Recipe: Sweet Potato Falafel

With a surplus of clients looking to spoil their mum, if you’re the owner or operator of an aesthetics business, it’s likely May 14th is front of mind already.

But, regardless of if you have children of your own, don’t forget to take some well-deserved time-out for yourself if you can this Sunday.

And, if you do have kids (of any age) this super-easy recipe for Sweet Potato Falafel is your “get out of cooking” ticket on Mother’s day!

So, whether you suggest your teenagers make it for the whole family or hand it over to your significant other with a (strong) hint, be sure to keep away from the kitchen.

SPA+CLINIC have extracted this healthy gem from Australian nutritionist Vanessa Clarkson’s new book, Real Food For Babies And Toddlers.

“I wrote the book to rescue all caregivers from the tiresome task of making separate meals for the youngest members of the family,” she says.

Vanessa advocates a “baby-led” weaning approach to eating, which allows parents and caregivers to observe and respond to their baby’s natural cues and introduce a world of bright, flavourful, nutrient-rich foods from the get-go.

“Baby-led weaning has great benefits, because, by having control over what goes in their mouths, babies learn to regulate their food intake, refine their motor skills and become more adventurous eaters,” Vanessa elaborates.

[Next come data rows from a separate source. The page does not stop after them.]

lemma kron_mult:
  assumes A: "A \<in> carrier_mat a1 a2" and B: "B \<in> carrier_mat b1 b2"
    and C: "C \<in> carrier_mat a2 a3" and D: "D \<in> carrier_mat b2 b3"
  shows "kron A B * kron C D = kron (A * C) (B * D)"
proof (rule eq_matI)
  fix i j assume "i < dim_row (kron (A * C) (B * D))" and "j < dim_col (kron (A * C) (B * D))"
  then have i: "i < a1 * b1" and j: "j < a3 * b3" using A B C D by auto
  then have "b1 > 0" "b3 > 0" by (auto intro: gr0I)
  then have idx: "i div b1 < a1" "j div b3 < a3" "i mod b1 < b1" "j mod b3 < b3"
    using i j by (auto simp: less_mult_imp_div_less)
  have "(kron A B * kron C D) $$ (i,j) = (\<Sum>k<a2 * b2. kron A B $$ (i,k) * kron C D $$ (k,j))"
    using i j A B C D by (simp add: scalar_prod_def lessThan_atLeast0)
  also have "\<dots> = (\<Sum>k<a2 * b2. A $$ (i div b1, k div b2) * B $$ (i mod b1, k mod b2) *
          (C $$ (k div b2, j div b3) * D $$ (k mod b2, j mod b3)))"
    using i j A B C D by (intro sum.cong) auto
  also have "\<dots> = (\<Sum>p<a2. \<Sum>q<b2. A $$ (i div b1, p) * B $$ (i mod b1, q) *
          (C $$ (p, j div b3) * D $$ (q, j mod b3)))"
    by (subst sum_lessThan_mult) (intro sum.cong refl, simp)
  also have "\<dots> = (\<Sum>p<a2. A $$ (i div b1, p) * C $$ (p, j div b3)) *
        (\<Sum>q<b2. B $$ (i mod b1, q) * D $$ (q, j mod b3))"
    by (simp add: sum_product algebra_simps)
  also have "\<dots> = kron (A * C) (B * D) $$ (i,j)"
    using i j idx A B C D by (simp add: scalar_prod_def lessThan_atLeast0)
  finally show "(kron A B * kron C D) $$ (i,j) = kron (A * C) (B * D) $$ (i,j)" .
qed auto

lemma kron_assoc: "kron (kron A B) C = kron A (kron B C)"
proof (rule eq_matI)
  fix i j assume "i < dim_row (kron A (kron B C))" and "j < dim_col (kron A (kron B C))"
  let ?b = "dim_row B" and ?c = "dim_row C" and ?b' = "dim_col B" and ?c' = "dim_col C"
  have i: "i < dim_row A * ?b * ?c" and j: "j < dim_col A * ?b' * ?c'"
    using \<open>i < _\<close> \<open>j < _\<close> by (simp_all add: mult.assoc)
  then have "?c > 0" "?c' > 0" by (auto intro: gr0I)
  have digits: "k div m div l = k div (l * m)" "k div m mod l = k mod (l * m) div m"
    "k mod (l * m) mod m = k mod m" if "m > 0" for k l m :: nat
  proof -
    show "k div m div l = k div (l * m)" by (metis div_mult2_eq mult.commute)
    have "k mod (l * m) = m * (k div m mod l) + k mod m" by (metis mod_mult2_eq mult.commute)
    then show "k div m mod l = k mod (l * m) div m" using that by simp
    show "k mod (l * m) mod m = k mod m" by (simp add: mod_mod_cancel)
  qed
  have "i div ?c < dim_row A * ?b" "j div ?c' < dim_col A * ?b'"
    using i j by (simp_all add: less_mult_imp_div_less)
  moreover have "?b * ?c > 0" "?b' * ?c' > 0" using i j by (auto intro: gr0I)
  then have "i mod (?b * ?c) < ?b * ?c" "j mod (?b' * ?c') < ?b' * ?c'" by simp_all
  ultimately show "kron (kron A B) C $$ (i,j) = kron A (kron B C) $$ (i,j)"
    using i j \<open>?c > 0\<close> \<open>?c' > 0\<close> by (simp add: digits mult.assoc)
qed (simp_all add: mult.assoc)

Packed with advice, practical strategies, nutritional information and over 80 recipes, the book offers a natural way of introducing whole-foods to even the youngest of infants.

Sweet Potato Falafel 
(served with yoghurt labneh)

  • Makes 4 adult portions or 8 baby portions
  • Preparation time 20 minutes
  • Cooking time 30 minutes.
  • Gluten-free, nut-free, vegetarian, dairy-free (omit fresh cheeses), vegan (omit fresh cheeses)

Ingredients:

– 300 g (10½ oz) orange-red sweet potato, peeled and diced1 red onion, chopped
– 2 garlic cloves, peeled
– 500 g (1 lb 2 oz/2 cups) cooked chickpeas, rinsed and well drained
– 40 g (1½ oz/¹⁄³ cup) besan (chickpea) flour
– 1 large handful flat-leaf (Italian) parsley leaves
– 1 large handful coriander (cilantro) leaves
– grated zest of 1 unwaxed lemon
– 2 teaspoons ground cumin
– 1 teaspoon ground coriander

Method:

  • Preheat the oven to 200°C (400°F). Grease a large baking tray with olive oil.
  • Put the sweet potato, red onion and garlic cloves in a food processor, and pulse a few times until everything is finely chopped. Be careful not to over-process; otherwise your falafel will end up 
like little balls of mashed potato.
  • Add the remaining ingredients, and pulse again until everything is well combined (you may need 
to scrape down the sides). Empty into a large bowl.
  • Use your hands to scoop the mixture, and shape into 15–20 balls or patties. As you do this, squeeze the mixture well to remove any extra liquid and ensure that the ingredients bind together as they cook. If you feel that the mix may crumble, stir in some additional besan flour at this stage.
  • Brush or spray the falafel with extra olive oil and bake for 30 minutes.
  • Divide the falafel among large serving bowls, and heap in a mix 
of other foods to make a mini platter or bowl.
  • For little ones I advise against serving this in an actual bowl because you’ll end up with a mega mess rather than 
a mini mezze. Place two or three options in front of them to choose from, and go from there.

Yoghurt Labneh:

“Quite a few of my recipes use labneh – a creamy, fresh yoghurt cheese,” says Vanessa Clarkson. “As it contains no salt, it’s perfect for little ones and making it from scratch also yields a generous measure of whey.”

  • Take a clean, un-dyed baby muslin or cheesecloth, and lay it flat on a plate.
  • Scoop out a large tub of full-fat Greek-style yoghurt (ideally organic) into the centre of the cloth, and bring the edges together to make a pouch.
  • Twist the cloth and wrap the ‘tail’ around the handle of a wooden spoon (or similar), then secure so that the pouch is dangling.
  • Place the spoon over the top of a large jug or bowl, and place in the refrigerator.
  • Strain the yoghurt for at least a day.

Internationally renowned nutrition expert and mother of two, Vanessa Clarkson, is a registered dietician, wholefood nutrition expert, cook and writer. In a career spanning over a decade Vanessa has worked tirelessly to advocate for change in the food we eat by advising some of the world’s largest food and drink companies on the things they can do to improve the nutritional content of their products and market them in a more responsible way. She has a Masters’ Degree in Food Policy and is recognised widely in her field, currently acting as an advisor to the Australian government on food and nutrition issues. She now lives, writes and cooks on the Mornington Peninsula.